Ali Balkaner, savcılığa verdiği ayrıntılı ifadesinde, Türkiye'deki
sanayi ve ticaret hayatını, borsa ve piyasaları 18 üyesi bulunan
bir kurulun yönlendirdiğinden söz ediyor. O, "Herbirinin başında
bir başkan bulunan 18 aile" diyordu bu yapı için; kendisinin içinde
yer aldığı 'aile'nin esas ilgi alanı borsa imiş... "Borsayı bizim
başkan manipüle eder" demiş Ali Balkaner savcıya ve övünerek
eklemiş: "Bir keresinde Tokyo borsasında 800 milyon dolar kaybetti
bizim başkan, bana mısın demedi..."
İfadeyle ilgili bilgiler 16 Ocak 2001 tarihinde Star gazetesinde
Saygı Öztürk'ün sütununda yer aldı. Star'da, yine aynı sütunda,
yine o günlerde, "Ali Balkaner'in maaşa bağladığı gazeteciler
listesi" de yayımlanmıştı... O sırada Star ile Hürriyet arasında
müthiş bir kavga vardı; Balkaner ve Yurtbank ile ilgili çok değerli
bilgileri kamuoyu ile paylaşan Saygı Öztürk şimdi Gözcü
gazetesinde. Belki, Ali Balkaner'in üyesi olduğu ailenin, medya ile
ilişkili olduğu o günlerde bolca yazılmış başkanının kimliğini de
yine o bizlere açıklayıverir...
Gazeteler kaçak Ali Balkaner'in Hürriyet'e 'röportaj verme'
amacıyla gittiğini yazdı. Ayağına kadar gidilen röportajcının
kimliğini bilmek isterdim. Düşünün: Adam kendisine ağır mahkumiyet
verilen duruşmadan sedyeyle çıkıp kayıplara karışıyor; güvenlik
güçleri İstanbul kazan o kepçe arayıp tarayıp bulamıyorlar. Tan
nan, birden karşılarına Hürriyet binasına girerken çıkıveriyor Ali
Balkaner. "Nereye hemşehrim" diye sorduklarında, "Röportaj vermeye
geldim" deyip ellerini havaya kaldırıveriyor...
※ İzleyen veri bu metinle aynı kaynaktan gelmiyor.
(* Let $A$ be Hurwitz and let $M_{\rm initial},\sigma_{\rm slowest}>0$ satisfy $\|e^{At}\|_2\le M_{\rm initial}e^{-\sigma_{\rm slowest}t}$ for all $t\ge0$. Let $\widetilde M_{\rm loose}=2M_{\rm initial}\|B\|_2/\sigma_{\rm slowest}$ and $\mathcal{B}_{\rm ultimate}=\{x\in\mathbb{R}^n:\|x\|_2\le\widetilde M_{\rm loose}\}$. Let $x(\cdot)$ be a trajectory of the relay feedback system $\dot x=Ax-B\,\mathrm{sign}(Cx)$ with $x(0)\in\mathcal{B}_{\rm ultimate}$. Then for all times $t$ greater than $t_{\rm excursions\text{-}over}=\frac{1}{\sigma_{\rm slowest}}\log(2M_{\rm initial})$, $x(t)\in\mathcal{B}_{\rm ultimate}$ (although at earlier times the state may leave $\mathcal{B}_{\rm ultimate}$).
   Context: $A$ is the $n\times n$ observer canonical matrix ($A_{i+1,i}=1$ for $i=1,\dots,n-1$, last column $(-a_0,\dots,-a_{n-1})^T$, other entries zero), $B=(b_0,\dots,b_{n-1})^T$, $C=(0,\dots,0,1)$. $\mathrm{sign}(e)=1$ for $e>0$, $-1$ for $e<0$, and $[-1,1]$ for $e=0$; trajectories are (Filippov) solutions, and on the switching set one uses non-sliding solutions. *)

theory Defs
  imports "HOL-Analysis.Analysis"
begin

definition idx_pos :: "'n::{finite,linorder} \<Rightarrow> nat" where
  "idx_pos i = card {j. j < i}"

(* Observer canonical matrix: A_{i+1,i} = 1, last column (-a_0,...,-a_{n-1})^T, else 0
   (positions are 0-based here, the last index is the maximum of the order, so row position r corresponds to row r+1 of the paper). *)
definition obs_canon :: "(nat \<Rightarrow> real) \<Rightarrow> real^('n::{finite,linorder})^('n::{finite,linorder})" where
  "obs_canon a = (\<chi> i j.
      (if idx_pos i = idx_pos j + 1 then 1 else 0)
    + (if (\<forall>k. k \<le> j) then - a (idx_pos i) else 0))"

definition obs_B :: "(nat \<Rightarrow> real) \<Rightarrow> real^'n::{finite,linorder}" where
  "obs_B b = (\<chi> i. b (idx_pos i))"

(* C x = last component of x, i.e. C = (0,...,0,1) *)
definition obs_C :: "real^'n::{finite,linorder} \<Rightarrow> real" where
  "obs_C x = (\<Sum>i\<in>UNIV. (if (\<forall>k. k \<le> i) then 1 else 0) * x $ i)"

definition hurwitz :: "real^('n::finite)^('n::finite) \<Rightarrow> bool" where
  "hurwitz A \<longleftrightarrow> (\<forall>(lam::complex) (v::complex^'n). v \<noteq> 0 \<and>
      (\<chi> i j. complex_of_real (A $ i $ j)) *v v = lam *s v \<longrightarrow> Re lam < 0)"

fun mpow :: "real^('n::finite)^('n::finite) \<Rightarrow> nat \<Rightarrow> real^'n^'n" where
  "mpow A 0 = mat 1"
| "mpow A (Suc k) = A ** mpow A k"

definition mexp :: "real^('n::finite)^('n::finite) \<Rightarrow> real^'n^'n" where
  "mexp A = (\<Sum>k. (1 / fact k) *\<^sub>R mpow A k)"

definition mnorm2 :: "real^('n::finite)^('n::finite) \<Rightarrow> real" where
  "mnorm2 M = onorm (\<lambda>v. M *v v)"

definition sign_set :: "real \<Rightarrow> real set" where
  "sign_set e = (if e > 0 then {1} else if e < 0 then {-1} else {-1..1})"

(* (Filippov) solution of  x' = A x - B sign(C x)  on [0,\<infinity>):
   absolutely continuous x with x' (t) \<in> A x(t) - B sign(C x(t)) a.e., written in
   integral form with a selection u(s) \<in> sign(C x(s)). *)
definition relay_solution ::
  "real^('n::finite)^('n::finite) \<Rightarrow> real^'n \<Rightarrow> (real^'n \<Rightarrow> real) \<Rightarrow> (real \<Rightarrow> real^'n) \<Rightarrow> bool" where
  "relay_solution A B C x \<longleftrightarrow> (\<exists>u::real \<Rightarrow> real.
      (\<forall>s\<ge>0. u s \<in> sign_set (C (x s))) \<and>
      (\<forall>t\<ge>0. ((\<lambda>s. A *v x s - u s *\<^sub>R B) has_integral (x t - x 0)) {0..t}))"

end

(*
  Along a trajectory the relay input is a selection u(s) of sign(C x(s)), so x solves
  x' = A x + v with |v| <= |B|. Variation of constants then gives
    |x(t)| <= M e^(-sigma t) |x(0)| + (M |B| / sigma) (1 - e^(-sigma t)),
  and once t > log(2M) / sigma the factor M e^(-sigma t) is below 1/2, so each of the two
  terms is at most half the radius 2 M |B| / sigma.

  Nothing makes s |-> e^(A(t-s)) u(s) B integrable (u is an arbitrary selection), so the
  variation of constants estimate is not read off an integral formula. Instead
  w(s) = e^(A(t-s)) x(s) is shown to have right increments of rate at most
  M |B| e^(-sigma(t-s)), and a right-Dini mean value inequality integrates this rate.
*)
theory Submission
  imports Defs
begin

section \<open>Endomorphisms of \<^typ>\<open>real^'n\<close> as a Banach algebra\<close>

text \<open>Matrices \<^typ>\<open>real^'n^'n\<close> carry the Frobenius norm and no multiplication, so
  exponentials and operator norms are taken in a copy of the bounded linear maps that is
  made a Banach algebra.\<close>

typedef (overloaded) ('n::finite) endo = "UNIV :: ((real^'n) \<Rightarrow>\<^sub>L (real^'n)) set"
  morphisms blinfun_of_endo endo_of_blinfun by simp

setup_lifting type_definition_endo

instantiation endo :: (finite) real_normed_algebra_1
begin

lift_definition norm_endo :: "'a endo \<Rightarrow> real" is norm .
lift_definition minus_endo :: "'a endo \<Rightarrow> 'a endo \<Rightarrow> 'a endo" is "(-)" .
lift_definition plus_endo :: "'a endo \<Rightarrow> 'a endo \<Rightarrow> 'a endo" is "(+)" .
lift_definition uminus_endo :: "'a endo \<Rightarrow> 'a endo" is uminus .
lift_definition zero_endo :: "'a endo" is 0 .
lift_definition scaleR_endo :: "real \<Rightarrow> 'a endo \<Rightarrow> 'a endo" is scaleR .
lift_definition times_endo :: "'a endo \<Rightarrow> 'a endo \<Rightarrow> 'a endo" is blinfun_compose .
lift_definition one_endo :: "'a endo" is id_blinfun .

definition dist_endo :: "'a endo \<Rightarrow> 'a endo \<Rightarrow> real"
  where "dist_endo S T = norm (S - T)"

definition uniformity_endo :: "('a endo \<times> 'a endo) filter"
  where "uniformity_endo = (INF e\<in>{0<..}. principal {(S, T). dist S T < e})"

definition open_endo :: "'a endo set \<Rightarrow> bool"
  where "open_endo U = (\<forall>S\<in>U. \<forall>\<^sub>F (S', T) in uniformity. S' = S \<longrightarrow> T \<in> U)"

definition sgn_endo :: "'a endo \<Rightarrow> 'a endo"
  where "sgn_endo S = inverse (norm S) *\<^sub>R S"

instance
proof
  fix S T U :: "'a endo" and a b :: real
  show "S + T + U = S + (T + U)" by transfer (simp add: add.assoc)
  show "S + T = T + S" by transfer (simp add: add.commute)
  show "0 + S = S" by transfer simp
  show "- S + S = 0" by transfer simp
  show "S - T = S + - T" by transfer simp
  show "a *\<^sub>R (S + T) = a *\<^sub>R S + a *\<^sub>R T" by transfer (simp add: scaleR_add_right)
  show "(a + b) *\<^sub>R S = a *\<^sub>R S + b *\<^sub>R S" by transfer (simp add: scaleR_add_left)
  show "a *\<^sub>R b *\<^sub>R S = (a * b) *\<^sub>R S" by transfer simp
  show "1 *\<^sub>R S = S" by transfer simp
  show "a *\<^sub>R S * T = a *\<^sub>R (S * T)"
    by transfer (rule blinfun_eqI, simp add: blinfun.bilinear_simps)
  show "S * a *\<^sub>R T = a *\<^sub>R (S * T)"
    by transfer (rule blinfun_eqI, simp add: blinfun.bilinear_simps)
  show "S * T * U = S * (T * U)" by transfer (rule blinfun_eqI, simp)
  show "(S + T) * U = S * U + T * U"
    by transfer (rule blinfun_eqI, simp add: blinfun.bilinear_simps)
  show "S * (T + U) = S * T + S * U"
    by transfer (rule blinfun_eqI, simp add: blinfun.bilinear_simps)
  show "1 * S = S" by transfer (rule blinfun_eqI, simp)
  show "S * 1 = S" by transfer (rule blinfun_eqI, simp)
  show "norm (S * T) \<le> norm S * norm T" by transfer (rule norm_blinfun_compose)
  show "norm (1::'a endo) = 1" by transfer simp
  then show "(0::'a endo) \<noteq> 1" by (metis zero_neq_one norm_endo.abs_eq zero_endo_def norm_zero)
  show "(norm S = 0) = (S = 0)" by transfer simp
  show "norm (S + T) \<le> norm S + norm T" by transfer (rule norm_triangle_ineq)
  show "norm (a *\<^sub>R S) = \<bar>a\<bar> * norm S" by transfer simp
  show "sgn S = inverse (norm S) *\<^sub>R S" by (simp add: sgn_endo_def)
  show "dist S T = norm (S - T)" by (simp add: dist_endo_def)
  show "(uniformity :: ('a endo \<times> 'a endo) filter) = (INF e\<in>{0<..}. principal {(S, T). dist S T < e})"
    by (simp add: uniformity_endo_def)
  fix V :: "'a endo set"
  show "open V = (\<forall>S\<in>V. \<forall>\<^sub>F (S', T) in uniformity. S' = S \<longrightarrow> T \<in> V)"
    by (simp add: open_endo_def)
qed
Tabii, olay ânında orada olmadığım için mükâlemenin tam böyle
geçtiğinden emin değilim; ama buna yakın sözler söylenmiş olmalı.
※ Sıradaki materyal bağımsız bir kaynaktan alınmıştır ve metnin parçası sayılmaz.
(* Let $K$ be a field and $m,n,r$ positive integers. Let $R=K[x_{ij}^k \mid 1\le i\le m,\ 1\le j\le n,\ 1\le k\le r]$ and let $I_{mn}^r$ be the ideal generated by all $2$-minors of the horizontal concatenation $H=(X_1\ \cdots\ X_r)$ and all $2$-minors of the vertical concatenation $V$ of the $m\times n$ matrices $X_k=(x_{ij}^k)$. Fix a diagonal term order, and let $\Delta$ be the simplicial complex on the vertex set $\mathcal P=\{(i,j):1\le i\le m,\ 1\le j\le nr\}$ whose Stanley–Reisner ideal is $\operatorname{in}(I_{mn}^r)$, where the variable $x_{ij}^k$ is identified with the vertex $(i,(k-1)n+j)$. Then a subset $F\subseteq\mathcal P$ is a facet of $\Delta$ if and only if there exist integers $m=g_0\ge g_1\ge\cdots\ge g_{r-1}\ge g_r=1$ and $n=h_0\ge h_1\ge\cdots\ge h_{r-1}\ge h_r=1$ such that $F$ is the union of $r$ paths $$(g_{k-1},(k-1)n+h_k)\longrightarrow (g_k,(k-1)n+h_{k-1}),\qquad 1\le k\le r.$$
   Context: A term order is diagonal if the leading term of every $2$-minor of $H$ and of $V$ is the product of the entries on its main diagonal. A path from $(g_1,h_1)$ to $(g_t,h_t)$, written $(g_1,h_1)\longrightarrow(g_t,h_t)$, is a subset $\{(g_1,h_1),\dots,(g_t,h_t)\}\subseteq\mathcal P$ with $(g_{s+1},h_{s+1})-(g_s,h_s)\in\{(-1,0),(0,1)\}$ for all $s=1,\dots,t-1$; a single point $(g,h)$ is regarded as the path $(g,h)\longrightarrow(g,h)$. *)

theory Defs
  imports Main "HOL-Library.Poly_Mapping"
begin

text \<open>Vertices / variables are pairs (i, c) of natural numbers; the variable
x_{ij}^k of the paper is identified with the variable indexed by the vertex
(i, (k-1)n + j).\<close>

type_synonym vtx = "nat \<times> nat"
type_synonym mon = "vtx \<Rightarrow>\<^sub>0 nat"
type_synonym 'k mpoly = "mon \<Rightarrow>\<^sub>0 'k"

definition vertex_set :: "nat \<Rightarrow> nat \<Rightarrow> nat \<Rightarrow> vtx set" where
  "vertex_set m n r = {(i, c). 1 \<le> i \<and> i \<le> m \<and> 1 \<le> c \<and> c \<le> n * r}"

definition var :: "vtx \<Rightarrow> 'k::comm_ring_1 mpoly" where
  "var v = Poly_Mapping.single (Poly_Mapping.single v 1) 1"

definition mons_in :: "vtx set \<Rightarrow> mon set" where
  "mons_in V = {a. Poly_Mapping.keys a \<subseteq> V}"

definition poly_ring :: "vtx set \<Rightarrow> 'k::comm_ring_1 mpoly set" where
  "poly_ring V = {p. Poly_Mapping.keys p \<subseteq> mons_in V}"

inductive_set gen_ideal :: "vtx set \<Rightarrow> 'k::comm_ring_1 mpoly set \<Rightarrow> 'k mpoly set"
  for V G where
  zero: "0 \<in> gen_ideal V G"
| step: "\<lbrakk> p \<in> gen_ideal V G; g \<in> G; q \<in> poly_ring V \<rbrakk> \<Longrightarrow> q * g + p \<in> gen_ideal V G"

definition term_order :: "vtx set \<Rightarrow> (mon \<Rightarrow> mon \<Rightarrow> bool) \<Rightarrow> bool" where
  "term_order V tle \<longleftrightarrow>
     (\<forall>a\<in>mons_in V. tle a a) \<and>
     (\<forall>a\<in>mons_in V. \<forall>b\<in>mons_in V. tle a b \<and> tle b a \<longrightarrow> a = b) \<and>
     (\<forall>a\<in>mons_in V. \<forall>b\<in>mons_in V. \<forall>c\<in>mons_in V. tle a b \<and> tle b c \<longrightarrow> tle a c) \<and>
     (\<forall>a\<in>mons_in V. \<forall>b\<in>mons_in V. tle a b \<or> tle b a) \<and>
     (\<forall>a\<in>mons_in V. tle 0 a) \<and>
     (\<forall>a\<in>mons_in V. \<forall>b\<in>mons_in V. \<forall>c\<in>mons_in V. tle a b \<longrightarrow> tle (a + c) (b + c))"

definition lead_mon :: "(mon \<Rightarrow> mon \<Rightarrow> bool) \<Rightarrow> 'k::comm_ring_1 mpoly \<Rightarrow> mon" where
  "lead_mon tle p = (THE a. a \<in> Poly_Mapping.keys p \<and> (\<forall>b\<in>Poly_Mapping.keys p. tle b a))"

definition initial_ideal ::
  "vtx set \<Rightarrow> (mon \<Rightarrow> mon \<Rightarrow> bool) \<Rightarrow> 'k::comm_ring_1 mpoly set \<Rightarrow> 'k mpoly set" where
  "initial_ideal V tle I =
     gen_ideal V {Poly_Mapping.single (lead_mon tle f) 1 | f. f \<in> I \<and> f \<noteq> 0}"

definition minor2 :: "(nat \<Rightarrow> nat \<Rightarrow> vtx) \<Rightarrow> nat \<Rightarrow> nat \<Rightarrow> nat \<Rightarrow> nat \<Rightarrow> 'k::comm_ring_1 mpoly" where
  "minor2 M a b c d = var (M a c) * var (M b d) - var (M a d) * var (M b c)"

text \<open>Horizontal concatenation H = (X_1 ... X_r), an m x nr matrix, and
vertical concatenation V, an mr x n matrix; entries are variable indices.\<close>
definition Hmat :: "nat \<Rightarrow> nat \<Rightarrow> nat \<Rightarrow> vtx" where
  "Hmat n i c = (i, c)"

definition Vmat :: "nat \<Rightarrow> nat \<Rightarrow> nat \<Rightarrow> nat \<Rightarrow> vtx" where
  "Vmat m n R j = (let k = (R - 1) div m + 1; i = (R - 1) mod m + 1 in (i, (k - 1) * n + j))"

definition minor_idx :: "nat \<Rightarrow> nat \<Rightarrow> (nat \<times> nat \<times> nat \<times> nat) set" where
  "minor_idx p q = {(a, b, c, d). 1 \<le> a \<and> a < b \<and> b \<le> p \<and> 1 \<le> c \<and> c < d \<and> d \<le> q}"

definition minors_HV :: "nat \<Rightarrow> nat \<Rightarrow> nat \<Rightarrow> 'k::comm_ring_1 mpoly set" where
  "minors_HV m n r =
     {minor2 (Hmat n) a b c d | a b c d. (a, b, c, d) \<in> minor_idx m (n * r)} \<union>
     {minor2 (Vmat m n) a b c d | a b c d. (a, b, c, d) \<in> minor_idx (m * r) n}"

definition I_mnr :: "nat \<Rightarrow> nat \<Rightarrow> nat \<Rightarrow> 'k::comm_ring_1 mpoly set" where
  "I_mnr m n r = gen_ideal (vertex_set m n r) (minors_HV m n r)"

definition diagonal_order ::
  "'k::comm_ring_1 itself \<Rightarrow> nat \<Rightarrow> nat \<Rightarrow> nat \<Rightarrow> (mon \<Rightarrow> mon \<Rightarrow> bool) \<Rightarrow> bool" where
  "diagonal_order (_ :: 'k itself) m n r tle \<longleftrightarrow>
     (\<forall>(a, b, c, d) \<in> minor_idx m (n * r).
        lead_mon tle (minor2 (Hmat n) a b c d :: 'k mpoly)
          = Poly_Mapping.single (Hmat n a c) 1 + Poly_Mapping.single (Hmat n b d) 1) \<and>
     (\<forall>(a, b, c, d) \<in> minor_idx (m * r) n.
        lead_mon tle (minor2 (Vmat m n) a b c d :: 'k mpoly)
          = Poly_Mapping.single (Vmat m n a c) 1 + Poly_Mapping.single (Vmat m n b d) 1)"

definition sqfree_mon :: "vtx set \<Rightarrow> 'k::comm_ring_1 mpoly" where
  "sqfree_mon F = Poly_Mapping.single (\<Sum>v\<in>F. Poly_Mapping.single v 1) 1"

definition simplicial_complex :: "vtx set \<Rightarrow> vtx set set \<Rightarrow> bool" where
  "simplicial_complex P \<Delta> \<longleftrightarrow> {} \<in> \<Delta> \<and> (\<forall>F\<in>\<Delta>. F \<subseteq> P \<and> (\<forall>G. G \<subseteq> F \<longrightarrow> G \<in> \<Delta>))"

definition SR_ideal :: "vtx set \<Rightarrow> vtx set set \<Rightarrow> 'k::comm_ring_1 mpoly set" where
  "SR_ideal P \<Delta> = gen_ideal P {sqfree_mon F | F. F \<subseteq> P \<and> F \<notin> \<Delta>}"

definition facet :: "vtx set set \<Rightarrow> vtx set \<Rightarrow> bool" where
  "facet \<Delta> F \<longleftrightarrow> F \<in> \<Delta> \<and> (\<forall>G\<in>\<Delta>. F \<subseteq> G \<longrightarrow> G = F)"

definition is_path :: "vtx set \<Rightarrow> vtx \<Rightarrow> vtx \<Rightarrow> vtx set \<Rightarrow> bool" where
  "is_path P a b S \<longleftrightarrow> (\<exists>ps. ps \<noteq> [] \<and> hd ps = a \<and> last ps = b \<and> set ps = S \<and> S \<subseteq> P \<and>
     (\<forall>s. s + 1 < length ps \<longrightarrow>
        (fst (ps ! (s + 1)) + 1 = fst (ps ! s) \<and> snd (ps ! (s + 1)) = snd (ps ! s)) \<or>
        (fst (ps ! (s + 1)) = fst (ps ! s) \<and> snd (ps ! (s + 1)) = snd (ps ! s) + 1)))"

end

theory Submission
  imports Defs "HOL-Library.Multiset"
begin

text \<open>Call \<open>p, q\<close> a diagonal pair if \<open>x\<^sub>p x\<^sub>q\<close> is the main diagonal, hence the leading term, of a
  2-minor of \<open>H\<close> or of \<open>V\<close>. Grade the monomials by the multisets of the row indices, of the
  column indices inside the blocks and of the block indices of their variables. The minors are
  homogeneous binomials, so every element of \<open>I\<^sub>m\<^sub>n\<^sup>r\<close> contains, besides its leading monomial,
  another monomial of the same degree. On the other hand a monomial without diagonal pairs is
  the only one of its degree, since its variables form staircases that are determined by the
  three marginals, and every other monomial can be lowered inside its degree by replacing a
  diagonal by the corresponding antidiagonal. Hence diagonal-free monomials are the minima of
  their degrees and never leading monomials: \<open>\<Delta>\<close> is the complex of diagonal-free sets.

  A set is diagonal-free iff inside each block no point lies strictly south-east of another
  and the points of later blocks lie weakly north-west of those of earlier blocks. So the
  points of each block lie in a box cut out by the points of the earlier blocks, and a maximal
  diagonal-free set fills every box by a lattice path from its south-west to its north-east
  corner; conversely every point off these paths forms a diagonal pair with a point on them.\<close>

abbreviation lookup :: "('a \<Rightarrow>\<^sub>0 'b::zero) \<Rightarrow> 'a \<Rightarrow> 'b" where
  "lookup \<equiv> Poly_Mapping.lookup"
abbreviation keys :: "('a \<Rightarrow>\<^sub>0 'b::zero) \<Rightarrow> 'a set" where
  "keys \<equiv> Poly_Mapping.keys"
abbreviation single :: "'a \<Rightarrow> 'b::zero \<Rightarrow> 'a \<Rightarrow>\<^sub>0 'b" where
  "single \<equiv> Poly_Mapping.single"

abbreviation vmon :: "vtx \<Rightarrow> mon" where
  "vmon v \<equiv> single v 1"

lemma mons_in_add: "a \<in> mons_in V \<Longrightarrow> b \<in> mons_in V \<Longrightarrow> a + b \<in> mons_in V"
  unfolding mons_in_def using keys_add[of a b] by auto

lemma mons_in_single: "v \<in> V \<Longrightarrow> single v k \<in> mons_in V"
  unfolding mons_in_def by simp

lemma mons_in_sum_vmon: "F \<subseteq> V \<Longrightarrow> (\<Sum>v\<in>F. vmon v) \<in> mons_in V"
  unfolding mons_in_def using keys_sum[of vmon F] by auto

lemma poly_ring_add: "p \<in> poly_ring V \<Longrightarrow> q \<in> poly_ring V \<Longrightarrow> p + q \<in> poly_ring V"
  unfolding poly_ring_def using keys_add[of p q] by auto

lemma poly_ring_diff:
  "p \<in> poly_ring V \<Longrightarrow> q \<in> poly_ring V \<Longrightarrow> (p - q :: 'k::comm_ring_1 mpoly) \<in> poly_ring V"
  unfolding poly_ring_def using keys_diff[of p q] by auto

lemma poly_ring_mult:
  "p \<in> poly_ring V \<Longrightarrow> q \<in> poly_ring V \<Longrightarrow> (p * q :: 'k::comm_ring_1 mpoly) \<in> poly_ring V"
  unfolding poly_ring_def using keys_mult[of p q] mons_in_add by fastforce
"Röportaja geldim" dememiş olsaydı, o ziyareti duyduğumda, Nazlı
Ilıcak'ın epey bir süre aradığı Aydın Doğan ile Ali Balkaner
arasındaki 'olmayan irtibat' için "İşte kanıt" diye
bağırabilirdim...
Nazlı Hanım rapordan şu bölümü aktarmıştı (Yeni Şafak, 7 Eylül
2001): "Doğan AŞ % 83.12 payla (3.805.000 lot) Milliyet
gazeteciliğin en büyük ortağıdır. Dolayısıyla, hisse senedinin
fiyatındaki her bin liralık artış, Doğan AŞ'nin hisse senetlerinin
değerini 3.8 trilyon lira arttırmaktadır. Nitekim, Doğan AŞ,
portföyündeki bu hisse senetlerinin 396 bin lotunu, (Şirket
sermayesinin % 8.66'sını) 12.2.1998 tarihinde, 13 bin 750 lira
fiyatla Born Investment Inc unvanlı yabancı bir off-shore
kuruluşuna satarak dolaşıma sürmüştür. Böylece dolaşımda bulunan
705 bin 810 lot hisse senedi miktarı, % 56 artarak 1 milyon 101 bin
850 lota çıkmıştır.
"Doğan AŞ ayrıca, ES Menkul Değerler AŞ nezdindeki 2548 numaralı
hesabından da, 20, 24, 25 ve 26 Kasım 1997 tarihlerinde 29 bin 259
lotluk satış yapmıştır. Bu işlemler sonunda, Doğan AŞ, olağandışı
fiyat artışından çok büyük bir yarar sağlamış olmaktadır. Kasım
başında ancak iki binli fiyatlardan satılabileceği portföyündeki
Milliyet AŞ hisse senetlerini, yükseliş sayesinde iki ay sonra 5
katı bir fiyatla elden çıkarabilmiştir. Keza, zaten dolaşımda
bulunan 29 bin 259 lotu, 17 Kasım Pazartesi günü başlayan
astronomik fiyat artışından yararlanmak için, 20/11/1997'de satmaya
başlamış ve bu satış 26/11/1997'de son bulmuştur. Bu durum, Doğan
AŞ'yi fiyat yükselişinin muhtemel müsebbibleri arasında ilk sıraya
koymak için yeterlidir."
Bu tespite rağmen, raporda, Nazlı Ilıcak'ı çok şaşırtan bir tespit
vardı: "Bilirkişiler, Milliyet hisselerinin borsada yükselişinden
dolayı Aydın Doğan'ı sorumlu bulmuyorlar. Çünkü Milliyet
hisselerini sürekli satın alıp tavan yaptıran kişi Ali Balkaner.
Balkaner ile Aydın Doğan arasında bir irtibat kurulamıyor. Milliyet
hissesinin alıcıları Yurtbank ve bu banka ile bağlantılı
kişiler."
Ali Balkaner Hürriyet binasına girmek isterken yakalandığında Aydın
Doğan odasında mıydı acaba? Aklından neler geçiyordu?